• **Collected data**
────
lemma right_riemann_sum_tendsto:
  assumes "0 < a" "a \<le> b"
  shows "right_riemann_sum y a b \<longlonglongrightarrow> utility f y a - utility f y b"
proof (rule real_tendsto_sandwich)
  define D where "D = utility f y a - utility f y b"
  have bounds: "D - (b - a) / real (Suc N) \<le> right_riemann_sum y a b N
                  \<and> right_riemann_sum y a b N \<le> D" for N
  proof -
    define h where "h = (b - a) / real (Suc N)"
    define t where "t k = a + real k * h" for k :: nat
    have h: "0 \<le> h" unfolding h_def using assms by simp
    have t_pos: "0 < t k" for k unfolding t_def using h assms by (simp add: add_pos_nonneg)
    have t_step: "t (Suc k) = t k + h" for k unfolding t_def by (simp add: algebra_simps)
    have sum_eq: "right_riemann_sum y a b N = (\<Sum>k<Suc N. h * y (t (Suc k)))"
      unfolding right_riemann_sum_def h_def t_def ..
    have telescope: "(\<Sum>k<Suc N. utility f y (t k) - utility f y (t (Suc k))) = D"
      by (subst sum_lessThan_telescope') (simp add: t_def h_def D_def)
    have step: "h * y (t (Suc k)) \<le> utility f y (t k) - utility f y (t (Suc k))"
      "utility f y (t k) - utility f y (t (Suc k)) \<le> h * y (t k)" for k
      using utility_diff_bounds[OF t_pos, of k "t (Suc k)"] t_step[of k] h by auto
    have lower: "(\<Sum>k<Suc N. h * y (t (Suc k))) \<le> D"
      unfolding telescope[symmetric]
      by (intro sum_mono step)
    have upper: "D \<le> (\<Sum>k<Suc N. h * y (t k))"
      unfolding telescope[symmetric]
      by (intro sum_mono step)
    have "(\<Sum>k<Suc N. h * y (t k)) - (\<Sum>k<Suc N. h * y (t (Suc k))) = h * y (t 0) - h * y (t (Suc N))"
      unfolding sum_subtractf[symmetric] by (rule sum_lessThan_telescope')
    also have "\<dots> \<le> h"
      using demand_le_1[OF t_pos, of 0] demand_nonneg[OF t_pos, of "Suc N"] h
      by (smt (verit) mult_left_le mult_nonneg_nonneg)
    finally show ?thesis using lower upper sum_eq unfolding h_def by linarith
  qed
  show "\<forall>\<^sub>F N in sequentially. D - (b - a) / real (Suc N) \<le> right_riemann_sum y a b N"
    and "\<forall>\<^sub>F N in sequentially. right_riemann_sum y a b N \<le> D"
    using bounds by auto
  show "(\<lambda>N. D) \<longlonglongrightarrow> D" by simp
  have "(\<lambda>N. (b - a) / real (Suc N)) \<longlonglongrightarrow> 0"
    using LIMSEQ_Suc[OF lim_const_over_n[of "b - a"]] by simp
  then show "(\<lambda>N. D - (b - a) / real (Suc N)) \<longlonglongrightarrow> D"
    using tendsto_diff[of "\<lambda>N. D" D sequentially] by fastforce
qed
────
Copy out the lines starting at the one containing "using LIMSEQ_Suc[OF lim_const_over_n[of" and ending with the last line of the entries. Include nothing else.

    using LIMSEQ_Suc[OF lim_const_over_n[of "b - a"]] by simp
  then show "(\<lambda>N. D - (b - a) / real (Suc N)) \<longlonglongrightarrow> D"
    using tendsto_diff[of "\<lambda>N. D" D sequentially] by fastforce
qed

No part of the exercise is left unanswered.